The 3 months correlation between Meridian and Mah is 0.16. Overlapping area represents the amount of risk that can be diversified away by holding Meridian Bhd and Mah Sing Group in the same portfolio, assuming nothing else is changed. The correlation between historical prices or returns on Mah Sing Group and Meridian Bhd is a relative statistical measure of the degree to which these equity instruments tend to move together. The correlation coefficient measures the extent to which returns on Meridian Bhd are associated (or correlated) with Mah Sing. Values of the correlation coefficient range from -1 to +1, where. The correlation of zero (0) is possible when the price movement of Mah Sing Group has no effect on the direction of Meridian Bhd i.e., Meridian Bhd and Mah Sing go up and down completely randomly.

Pair Corralation between Meridian Bhd and Mah Sing

Assuming the 90 days trading horizon Meridian Bhd is expected to generate 1.06 times less return on investment than Mah Sing. In addition to that, Meridian Bhd is 3.75 times more volatile than Mah Sing Group. It trades about 0.03 of its total potential returns per unit of risk. Mah Sing Group is currently generating about 0.14 per unit of volatility. If you would invest  75.00  in Mah Sing Group on September 2, 2024 and sell it today you would earn a total of  93.00  from holding Mah Sing Group or generate 124.0% return on investment over 90 days.
Time Period3 Months [change]
DirectionMoves Together 
StrengthInsignificant
Accuracy100.0%
ValuesDaily Returns

Meridian Bhd  vs.  Mah Sing Group

 Performance 
       Timeline  
Meridian Bhd 

Risk-Adjusted Performance

6 of 100

 
Weak
 
Strong
Modest
Compared to the overall equity markets, risk-adjusted returns on investments in Meridian Bhd are ranked lower than 6 (%) of all global equities and portfolios over the last 90 days. Despite quite conflicting basic indicators, Meridian Bhd disclosed solid returns over the last few months and may actually be approaching a breakup point.
Mah Sing Group 

Risk-Adjusted Performance

1 of 100

 
Weak
 
Strong
Weak
Compared to the overall equity markets, risk-adjusted returns on investments in Mah Sing Group are ranked lower than 1 (%) of all global equities and portfolios over the last 90 days. Despite quite persistent basic indicators, Mah Sing is not utilizing all of its potentials. The latest stock price mess, may contribute to short-term losses for the institutional investors.
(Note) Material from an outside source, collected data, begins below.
(* Let $X$ be a locally convex space, let $T:X\rightrightarrows X^{*}$, and let $V\subset X$ with $V\cap D(T)\neq\emptyset$. The following are equivalent: (i) $V$ locates $T$; (ii) $T$ is $V$-NI and $\operatorname{Pr}_{X}[\varphi_{T|_{V}}=c]\cap V\subset D(T)$; (iii) $\operatorname{Pr}_{X}(\operatorname{dom}\varphi_{T|_{V}})\cap V\subset\operatorname{Pr}_{X}([\varphi_{T|_{V}}\ge c]\cap\operatorname{dom}\varphi_{T|_{V}})$ and $\operatorname{Pr}_{X}[\varphi_{T|_{V}}=c]\cap V\subset D(T)$. If, in addition, $T|_{V}\in\mathcal{M}(X)$, then $V$ locates $T$ if and only if $T$ is $V$-NI and $\operatorname{Pr}_{X}[\varphi_{T|_{V}}=c]\cap V=D(T)\cap V$.
   Context: $X$ is a non-trivial Hausdorff locally convex space, $X^*$ its dual, $c(x,x^* )=\langle x,x^*\rangle$ on $Z=X\times X^*$. Operators are identified with their graphs; $D(T)$ is the domain; $T|_V$ has graph $\operatorname{Graph}T\cap(V\times X^* )$; $\operatorname{Pr}_X$ is the projection onto $X$. $\varphi_{T}(x,x^{*})=\sup\{\langle x,u^{*}\rangle+\langle u,x^{*}\rangle-\langle u,u^{*}\rangle\mid(u,u^{*})\in T\}$ ($\sup\emptyset=-\infty$); $\operatorname{dom}f=\{f<\infty\}$; $[f\le g]=\{z\mid f(z)\le g(z)\}$, etc. $\mathcal M(X)$: monotone operators with non-empty graph. $V$ locates $T$ if $\operatorname{Pr}_X([\varphi_{T|_V}\le c])\cap V\subset D(T)$; $T$ is $V$-NI if $\varphi_{T|_V}\ge c$ on $V\times X^*$. *)

theory Defs
  imports "HOL-Analysis.Analysis" "HOL-Library.Extended_Real"
begin

definition locally_convex_space :: "'a::{real_vector,t2_space} itself \<Rightarrow> bool" where
  "locally_convex_space _ \<longleftrightarrow>
     continuous_on UNIV (\<lambda>p::'a \<times> 'a. fst p + snd p) \<and>
     continuous_on UNIV (\<lambda>p::real \<times> 'a. fst p *\<^sub>R snd p) \<and>
     (\<forall>U::'a set. open U \<and> 0 \<in> U \<longrightarrow> (\<exists>W. open W \<and> convex W \<and> 0 \<in> W \<and> W \<subseteq> U)) \<and>
     (\<exists>x::'a. x \<noteq> 0)"

text \<open>Topological dual X^*: continuous linear functionals. Pairing <x,x^*> = x^* x.\<close>
definition dual_space :: "('a::{real_vector,topological_space} \<Rightarrow> real) set" where
  "dual_space = {f. linear f \<and> continuous_on UNIV f}"

definition Zsp :: "('a::{real_vector,topological_space} \<times> ('a \<Rightarrow> real)) set" where
  "Zsp = UNIV \<times> dual_space"

definition cpl :: "'a \<times> ('a \<Rightarrow> real) \<Rightarrow> real" where
  "cpl z = snd z (fst z)"

text \<open>Fitzpatrick function (sup of the empty set is -\<infinity>).\<close>
definition fitz :: "('a \<times> ('a \<Rightarrow> real)) set \<Rightarrow> 'a \<times> ('a \<Rightarrow> real) \<Rightarrow> ereal" where
  "fitz T z = (SUP p\<in>T. ereal (snd p (fst z) + snd z (fst p) - snd p (fst p)))"

definition restr :: "('a \<times> 'b) set \<Rightarrow> 'a set \<Rightarrow> ('a \<times> 'b) set" where
  "restr T V = T \<inter> (V \<times> UNIV)"

definition dom_op :: "('a \<times> 'b) set \<Rightarrow> 'a set" where
  "dom_op T = fst ` T"

definition PrX :: "('a \<times> 'b) set \<Rightarrow> 'a set" where
  "PrX S = fst ` S"

definition fdom :: "('a::{real_vector,topological_space} \<times> ('a \<Rightarrow> real) \<Rightarrow> ereal) \<Rightarrow> ('a \<times> ('a \<Rightarrow> real)) set" where
  "fdom f = {z \<in> Zsp. f z < \<infinity>}"

definition monotone_op :: "('a::real_vector \<times> ('a \<Rightarrow> real)) set \<Rightarrow> bool" where
  "monotone_op T \<longleftrightarrow> (\<forall>(x,f)\<in>T. \<forall>(y,g)\<in>T. f x - f y - g x + g y \<ge> 0)"

definition MX :: "('a::{real_vector,topological_space} \<times> ('a \<Rightarrow> real)) set set" where
  "MX = {T. T \<subseteq> Zsp \<and> T \<noteq> {} \<and> monotone_op T}"

definition locates :: "'a::{real_vector,topological_space} set \<Rightarrow> ('a \<times> ('a \<Rightarrow> real)) set \<Rightarrow> bool" where
  "locates V T \<longleftrightarrow>
     PrX {z \<in> Zsp. fitz (restr T V) z \<le> ereal (cpl z)} \<inter> V \<subseteq> dom_op T"

definition V_NI :: "'a::{real_vector,topological_space} set \<Rightarrow> ('a \<times> ('a \<Rightarrow> real)) set \<Rightarrow> bool" where
  "V_NI V T \<longleftrightarrow> (\<forall>z \<in> V \<times> dual_space. fitz (restr T V) z \<ge> ereal (cpl z))"

end

theory Submission
  imports Defs
begin

text \<open>
  Everything hinges on the observation that, for fixed \<open>x\<close>, the function
  \<open>x\<^sup>* \<mapsto> \<phi>(x, x\<^sup>*) - \<langle>x, x\<^sup>*\<rangle>\<close> is a supremum of affine functions of \<open>x\<^sup>*\<close>.
  Along a segment from a point where it is \<open>\<le> 0\<close> to a point where it is finite and
  \<open>\<ge> 0\<close>, the largest parameter at which it is still \<open>\<le> 0\<close> must be a zero of it,
  since convexity would otherwise push the sublevel set further.  This yields
  (iii) \<open>\<Longrightarrow>\<close> (i); the remaining implications only use that
  \<open>\<phi>\<^bsub>T|\<^sub>V\<^esub>(x, x\<^sup>*) \<ge> \<langle>x, x\<^sup>*\<rangle>\<close> whenever \<open>x \<in> D(T) \<inter> V\<close>, with equality on the graph
  of a monotone operator.
\<close>

lemma SUP_affine_crossing:
  fixes a b :: "'p \<Rightarrow> real"
  assumes start: "\<forall>p\<in>S. a p \<le> \<alpha>"
    and end_ge: "ereal (\<alpha> + \<beta>) \<le> (SUP p\<in>S. ereal (a p + b p))"
    and end_finite: "(SUP p\<in>S. ereal (a p + b p)) < \<infinity>"
  shows "\<exists>t\<in>{0..1}. (SUP p\<in>S. ereal (a p + t * b p)) = ereal (\<alpha> + t * \<beta>)"
proof -
  define d where "d p t = a p - \<alpha> + t * (b p - \<beta>)" for p t
  have SUP_le_iff_d: "(SUP p\<in>S. ereal (a p + t * b p)) \<le> ereal (\<alpha> + t * \<beta>) \<longleftrightarrow> (\<forall>p\<in>S. d p t \<le> 0)"
    for t by (auto simp: SUP_le_iff d_def algebra_simps)
  define SS where "SS = {t\<in>{0..1::real}. \<forall>p\<in>S. d p t \<le> 0}"
  have "SS = {0..1} \<inter> (\<Inter>p\<in>S. {t. a p - \<alpha> + t * (b p - \<beta>) \<le> 0})"
    unfolding SS_def d_def by auto
  then have "closed SS"
    by (simp add: closed_Int closed_INT closed_Collect_le continuous_intros)
  have "0 \<in> SS" using start unfolding SS_def d_def by auto
  have bdd: "bdd_above SS" unfolding SS_def by (rule bdd_aboveI[of _ 1]) auto
  define t0 where "t0 = Sup SS"
  have "t0 \<in> SS"
    unfolding t0_def using closed_contains_Sup[OF _ bdd \<open>closed SS\<close>] \<open>0 \<in> SS\<close> by auto
  then have t0: "0 \<le> t0" "t0 \<le> 1" "\<forall>p\<in>S. d p t0 \<le> 0" unfolding SS_def by auto
  have "ereal (\<alpha> + t0 * \<beta>) \<le> (SUP p\<in>S. ereal (a p + t0 * b p))"
  proof (rule ccontr)
    assume "\<not> ?thesis"
    then have "(SUP p\<in>S. ereal (a p + t0 * b p)) < ereal (\<alpha> + t0 * \<beta>)" by simp
    then obtain r where r: "(SUP p\<in>S. ereal (a p + t0 * b p)) < ereal r" "ereal r < ereal (\<alpha> + t0 * \<beta>)"
      using ereal_dense2 by blast
    define \<delta> where "\<delta> = \<alpha> + t0 * \<beta> - r"
    have "\<delta> > 0" using r(2) unfolding \<delta>_def by simp
    have d_t0: "d p t0 \<le> - \<delta>" if "p \<in> S" for p
    proof -
      have "ereal (a p + t0 * b p) < ereal r"
        using SUP_upper[OF that, of "\<lambda>p. ereal (a p + t0 * b p)"] r(1) by (rule le_less_trans)
      then show ?thesis unfolding d_def \<delta>_def by (simp add: algebra_simps)
    qed
    define M where "M = real_of_ereal (SUP p\<in>S. ereal (a p + b p))"
    have M: "(SUP p\<in>S. ereal (a p + b p)) = ereal M"
      unfolding M_def using end_ge end_finite by (cases "SUP p\<in>S. ereal (a p + b p)") auto
    define K where "K = M - \<alpha> - \<beta>"
    have "K \<ge> 0" using end_ge M unfolding K_def by simp
    have d_1: "d p 1 \<le> K" if "p \<in> S" for p
      using SUP_upper[OF that, of "\<lambda>p. ereal (a p + b p)"] M unfolding d_def K_def by simp
    have "t0 < 1"
    proof (rule ccontr)
      assume "\<not> t0 < 1"
      with t0 have "t0 = 1" by simp
      with r end_ge M show False by simp
    qed
    \<comment> \<open>Moving from \<open>t0\<close> a fraction \<open>l\<close> towards 1 keeps every \<open>d p\<close> nonpositive.\<close>
    define l where "l = \<delta> / (\<delta> + K)"
    have l: "0 < l" "l \<le> 1" "l * (\<delta> + K) = \<delta>"
      unfolding l_def using \<open>\<delta> > 0\<close> \<open>K \<ge> 0\<close> by auto
    define s where "s = t0 + l * (1 - t0)"
    have "s \<in> SS"
    proof -
      have "0 \<le> s" using t0 l \<open>t0 < 1\<close> unfolding s_def by simp
      moreover have "s = 1 - (1 - l) * (1 - t0)" unfolding s_def by (simp add: algebra_simps)
      then have "s \<le> 1" using l \<open>t0 < 1\<close> by simp
      moreover have "d p s \<le> 0" if "p \<in> S" for p
      proof -
        have "d p s = (1 - l) * d p t0 + l * d p 1"
          unfolding d_def s_def by (simp add: algebra_simps)
        also have "\<dots> \<le> (1 - l) * (- \<delta>) + l * K"
          using d_t0[OF that] d_1[OF that] l by (intro add_mono mult_left_mono) auto
        also have "\<dots> = 0" using l(3) by (simp add: algebra_simps)
        finally show ?thesis .
      qed
      ultimately show ?thesis unfolding SS_def by auto
    qed
    then have "s \<le> t0" unfolding t0_def using bdd by (rule cSup_upper)
    moreover have "t0 < s" unfolding s_def using l \<open>t0 < 1\<close> by simp
    ultimately show False by simp
  qed
  with t0 SUP_le_iff_d[of t0] show ?thesis by (intro bexI[of _ t0]) auto
qed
Meridian Bhd and Mah Sing Volatility Contrast

   Predicted Return Density   
       Returns  

Pair Trading with Meridian Bhd and Mah Sing

The main advantage of trading using opposite Meridian Bhd and Mah Sing positions is that it hedges away some unsystematic risk. Because of two separate transactions, even if Meridian Bhd position performs unexpectedly, Mah Sing can make up some of the losses. Pair trading also minimizes risk from directional movements in the market. For example, if an entire industry or sector drops because of unexpected headlines, the short position in Mah Sing will offset losses from the drop in Mah Sing's long position.
The idea behind Meridian Bhd and Mah Sing Group pairs trading is to make the combined position market-neutral, meaning the overall market's direction will not affect its win or loss (or potential downside or upside). This can be achieved by designing a pairs trade with two highly correlated stocks or equities that operate in a similar space or sector, making it possible to obtain profits through simple and relatively low-risk investment.
Check out your portfolio center.
Note that this page's information should be used as a complementary analysis to find the right mix of equity instruments to add to your existing portfolios or create a brand new portfolio. You can also try the Portfolio Rebalancing module to analyze risk-adjusted returns against different time horizons to find asset-allocation targets.